## [How to complete this task]
When a line in the records contains the string "interpret", copy that line.

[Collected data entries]
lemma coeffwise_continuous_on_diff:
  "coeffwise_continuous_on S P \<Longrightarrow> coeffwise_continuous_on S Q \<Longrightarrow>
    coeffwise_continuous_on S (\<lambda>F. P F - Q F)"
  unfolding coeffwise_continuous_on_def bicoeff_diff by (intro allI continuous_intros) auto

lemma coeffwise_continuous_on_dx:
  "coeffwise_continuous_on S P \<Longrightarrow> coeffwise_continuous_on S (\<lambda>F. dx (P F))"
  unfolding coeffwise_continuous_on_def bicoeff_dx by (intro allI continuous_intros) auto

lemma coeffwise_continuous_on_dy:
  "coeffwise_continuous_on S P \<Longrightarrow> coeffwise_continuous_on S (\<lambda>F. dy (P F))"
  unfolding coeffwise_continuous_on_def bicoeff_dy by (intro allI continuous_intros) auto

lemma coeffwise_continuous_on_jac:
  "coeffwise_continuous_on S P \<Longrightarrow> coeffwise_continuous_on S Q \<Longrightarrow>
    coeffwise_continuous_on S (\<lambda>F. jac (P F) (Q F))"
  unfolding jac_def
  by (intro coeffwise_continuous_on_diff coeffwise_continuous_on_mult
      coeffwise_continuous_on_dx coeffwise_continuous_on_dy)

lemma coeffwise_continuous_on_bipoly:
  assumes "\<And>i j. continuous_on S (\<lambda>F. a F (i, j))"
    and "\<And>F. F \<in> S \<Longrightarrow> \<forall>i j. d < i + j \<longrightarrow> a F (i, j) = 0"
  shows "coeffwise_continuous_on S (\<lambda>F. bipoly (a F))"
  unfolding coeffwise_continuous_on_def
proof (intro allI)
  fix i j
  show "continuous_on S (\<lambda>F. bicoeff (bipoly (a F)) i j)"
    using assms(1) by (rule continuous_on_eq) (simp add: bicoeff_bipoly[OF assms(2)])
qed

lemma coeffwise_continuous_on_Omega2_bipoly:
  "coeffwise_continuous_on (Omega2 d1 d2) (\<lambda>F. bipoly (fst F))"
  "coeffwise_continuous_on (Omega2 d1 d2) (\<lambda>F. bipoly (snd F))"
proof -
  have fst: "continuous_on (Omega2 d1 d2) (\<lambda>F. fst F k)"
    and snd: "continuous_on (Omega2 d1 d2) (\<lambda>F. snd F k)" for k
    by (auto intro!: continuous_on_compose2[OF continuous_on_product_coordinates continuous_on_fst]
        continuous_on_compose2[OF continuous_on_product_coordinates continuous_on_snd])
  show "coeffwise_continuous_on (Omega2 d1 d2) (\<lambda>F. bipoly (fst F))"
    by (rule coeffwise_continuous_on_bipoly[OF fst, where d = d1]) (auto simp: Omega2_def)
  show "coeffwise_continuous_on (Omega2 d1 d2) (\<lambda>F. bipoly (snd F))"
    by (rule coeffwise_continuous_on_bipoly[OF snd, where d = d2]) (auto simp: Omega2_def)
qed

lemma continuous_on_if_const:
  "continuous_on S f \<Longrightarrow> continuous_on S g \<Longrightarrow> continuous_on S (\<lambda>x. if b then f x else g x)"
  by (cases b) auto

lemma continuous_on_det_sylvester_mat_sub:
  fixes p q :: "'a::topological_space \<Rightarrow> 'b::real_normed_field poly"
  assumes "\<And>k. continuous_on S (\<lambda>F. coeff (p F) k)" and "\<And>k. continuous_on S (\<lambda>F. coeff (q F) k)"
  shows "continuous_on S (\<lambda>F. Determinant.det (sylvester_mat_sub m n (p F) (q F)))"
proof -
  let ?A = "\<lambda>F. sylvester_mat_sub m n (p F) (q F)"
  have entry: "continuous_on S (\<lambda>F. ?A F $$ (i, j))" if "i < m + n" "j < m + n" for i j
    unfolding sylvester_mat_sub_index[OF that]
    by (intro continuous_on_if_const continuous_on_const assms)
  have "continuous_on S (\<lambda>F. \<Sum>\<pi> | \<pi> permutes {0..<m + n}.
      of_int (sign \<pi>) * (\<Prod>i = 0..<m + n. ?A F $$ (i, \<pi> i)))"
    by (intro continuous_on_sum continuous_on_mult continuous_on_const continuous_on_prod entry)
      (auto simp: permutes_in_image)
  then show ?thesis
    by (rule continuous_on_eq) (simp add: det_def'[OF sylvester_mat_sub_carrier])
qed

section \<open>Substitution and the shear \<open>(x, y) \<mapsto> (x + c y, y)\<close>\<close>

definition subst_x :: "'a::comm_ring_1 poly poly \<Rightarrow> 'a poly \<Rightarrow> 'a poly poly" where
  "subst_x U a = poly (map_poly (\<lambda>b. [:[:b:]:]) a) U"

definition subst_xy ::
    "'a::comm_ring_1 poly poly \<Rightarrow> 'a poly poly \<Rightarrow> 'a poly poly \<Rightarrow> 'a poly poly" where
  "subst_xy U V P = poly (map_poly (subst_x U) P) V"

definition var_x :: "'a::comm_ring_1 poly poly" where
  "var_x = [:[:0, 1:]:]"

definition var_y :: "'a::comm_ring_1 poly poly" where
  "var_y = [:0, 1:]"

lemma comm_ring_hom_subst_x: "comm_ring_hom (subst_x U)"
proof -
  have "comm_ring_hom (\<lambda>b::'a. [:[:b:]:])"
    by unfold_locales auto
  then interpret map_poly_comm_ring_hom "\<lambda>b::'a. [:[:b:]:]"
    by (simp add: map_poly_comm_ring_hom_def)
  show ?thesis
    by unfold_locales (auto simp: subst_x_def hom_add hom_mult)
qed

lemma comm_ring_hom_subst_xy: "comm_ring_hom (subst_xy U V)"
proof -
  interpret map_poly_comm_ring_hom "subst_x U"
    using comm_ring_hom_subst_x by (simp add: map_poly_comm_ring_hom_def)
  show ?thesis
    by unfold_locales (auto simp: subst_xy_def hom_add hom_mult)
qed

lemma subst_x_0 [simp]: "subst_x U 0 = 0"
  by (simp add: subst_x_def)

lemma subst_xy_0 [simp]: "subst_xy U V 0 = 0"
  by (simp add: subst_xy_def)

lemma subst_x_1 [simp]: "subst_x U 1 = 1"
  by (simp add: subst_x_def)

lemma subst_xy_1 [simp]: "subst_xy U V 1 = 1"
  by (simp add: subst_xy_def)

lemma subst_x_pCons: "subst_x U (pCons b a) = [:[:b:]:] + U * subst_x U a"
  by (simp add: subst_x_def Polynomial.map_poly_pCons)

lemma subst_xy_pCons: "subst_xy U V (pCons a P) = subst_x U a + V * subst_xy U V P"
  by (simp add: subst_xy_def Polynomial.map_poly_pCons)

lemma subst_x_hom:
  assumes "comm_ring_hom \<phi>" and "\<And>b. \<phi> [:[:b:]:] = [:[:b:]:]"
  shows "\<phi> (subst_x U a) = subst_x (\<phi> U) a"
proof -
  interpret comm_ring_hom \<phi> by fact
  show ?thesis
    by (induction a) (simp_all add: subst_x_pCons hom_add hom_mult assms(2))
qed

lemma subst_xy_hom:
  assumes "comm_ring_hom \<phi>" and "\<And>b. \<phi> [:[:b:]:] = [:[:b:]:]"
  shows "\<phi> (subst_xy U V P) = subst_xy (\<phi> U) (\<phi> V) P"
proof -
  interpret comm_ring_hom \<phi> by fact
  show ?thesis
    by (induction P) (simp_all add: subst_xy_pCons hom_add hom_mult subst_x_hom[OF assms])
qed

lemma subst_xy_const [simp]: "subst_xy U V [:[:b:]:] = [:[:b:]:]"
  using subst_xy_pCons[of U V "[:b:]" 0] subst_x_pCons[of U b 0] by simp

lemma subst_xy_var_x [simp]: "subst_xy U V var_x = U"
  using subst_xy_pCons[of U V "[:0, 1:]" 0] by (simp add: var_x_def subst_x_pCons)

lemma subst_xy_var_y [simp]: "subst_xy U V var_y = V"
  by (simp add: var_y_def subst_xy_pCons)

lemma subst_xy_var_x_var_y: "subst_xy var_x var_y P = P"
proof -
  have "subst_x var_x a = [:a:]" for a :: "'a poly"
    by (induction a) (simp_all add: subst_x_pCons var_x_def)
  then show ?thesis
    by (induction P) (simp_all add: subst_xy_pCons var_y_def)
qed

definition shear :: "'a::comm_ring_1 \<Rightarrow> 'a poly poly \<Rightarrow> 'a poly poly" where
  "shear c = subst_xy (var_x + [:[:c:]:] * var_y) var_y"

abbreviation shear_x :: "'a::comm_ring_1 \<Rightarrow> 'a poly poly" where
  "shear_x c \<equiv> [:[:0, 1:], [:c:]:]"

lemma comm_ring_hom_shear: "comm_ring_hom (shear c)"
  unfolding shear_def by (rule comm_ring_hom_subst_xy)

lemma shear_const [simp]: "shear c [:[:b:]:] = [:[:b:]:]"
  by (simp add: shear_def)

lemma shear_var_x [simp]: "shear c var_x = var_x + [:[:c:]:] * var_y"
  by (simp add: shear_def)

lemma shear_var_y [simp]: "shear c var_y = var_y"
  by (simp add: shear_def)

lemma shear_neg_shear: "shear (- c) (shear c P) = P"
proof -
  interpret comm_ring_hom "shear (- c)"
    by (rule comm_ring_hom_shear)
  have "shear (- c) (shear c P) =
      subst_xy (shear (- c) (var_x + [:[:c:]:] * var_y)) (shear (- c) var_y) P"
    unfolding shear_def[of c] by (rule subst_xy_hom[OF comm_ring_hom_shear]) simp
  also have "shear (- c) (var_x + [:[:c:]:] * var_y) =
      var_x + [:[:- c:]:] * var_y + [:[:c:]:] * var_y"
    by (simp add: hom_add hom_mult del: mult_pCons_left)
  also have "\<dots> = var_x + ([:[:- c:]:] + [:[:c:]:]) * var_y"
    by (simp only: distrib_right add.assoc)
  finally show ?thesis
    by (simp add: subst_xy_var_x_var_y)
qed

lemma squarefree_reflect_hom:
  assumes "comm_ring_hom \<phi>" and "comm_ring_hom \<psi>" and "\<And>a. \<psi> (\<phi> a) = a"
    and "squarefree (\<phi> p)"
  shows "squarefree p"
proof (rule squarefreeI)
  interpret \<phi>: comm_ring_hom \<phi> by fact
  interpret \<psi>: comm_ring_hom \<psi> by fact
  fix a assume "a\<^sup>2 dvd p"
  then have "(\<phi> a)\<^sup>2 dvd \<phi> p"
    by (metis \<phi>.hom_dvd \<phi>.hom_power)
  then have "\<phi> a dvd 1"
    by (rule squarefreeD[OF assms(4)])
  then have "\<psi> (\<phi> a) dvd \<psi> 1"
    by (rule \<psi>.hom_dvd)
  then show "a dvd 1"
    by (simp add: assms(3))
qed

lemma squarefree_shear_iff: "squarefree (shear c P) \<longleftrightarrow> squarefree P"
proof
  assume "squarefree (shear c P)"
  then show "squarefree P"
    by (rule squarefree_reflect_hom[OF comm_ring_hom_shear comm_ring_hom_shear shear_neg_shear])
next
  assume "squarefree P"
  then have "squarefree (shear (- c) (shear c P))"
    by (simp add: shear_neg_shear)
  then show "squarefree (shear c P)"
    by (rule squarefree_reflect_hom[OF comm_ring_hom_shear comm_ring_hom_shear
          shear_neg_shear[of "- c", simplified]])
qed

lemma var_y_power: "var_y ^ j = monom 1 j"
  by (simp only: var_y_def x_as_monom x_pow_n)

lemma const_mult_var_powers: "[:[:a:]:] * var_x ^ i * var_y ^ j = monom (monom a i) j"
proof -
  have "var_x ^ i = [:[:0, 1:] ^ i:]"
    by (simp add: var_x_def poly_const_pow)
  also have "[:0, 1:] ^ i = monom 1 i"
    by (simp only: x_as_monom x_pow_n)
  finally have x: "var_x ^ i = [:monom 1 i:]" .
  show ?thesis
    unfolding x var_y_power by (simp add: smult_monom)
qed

## [Written response]
  then interpret map_poly_comm_ring_hom "\<lambda>b::'a. [:[:b:]:]"
  interpret map_poly_comm_ring_hom "subst_x U"
  interpret comm_ring_hom \<phi> by fact
  interpret comm_ring_hom \<phi> by fact
  interpret comm_ring_hom "shear (- c)"
  interpret \<phi>: comm_ring_hom \<phi> by fact
  interpret \<psi>: comm_ring_hom \<psi> by fact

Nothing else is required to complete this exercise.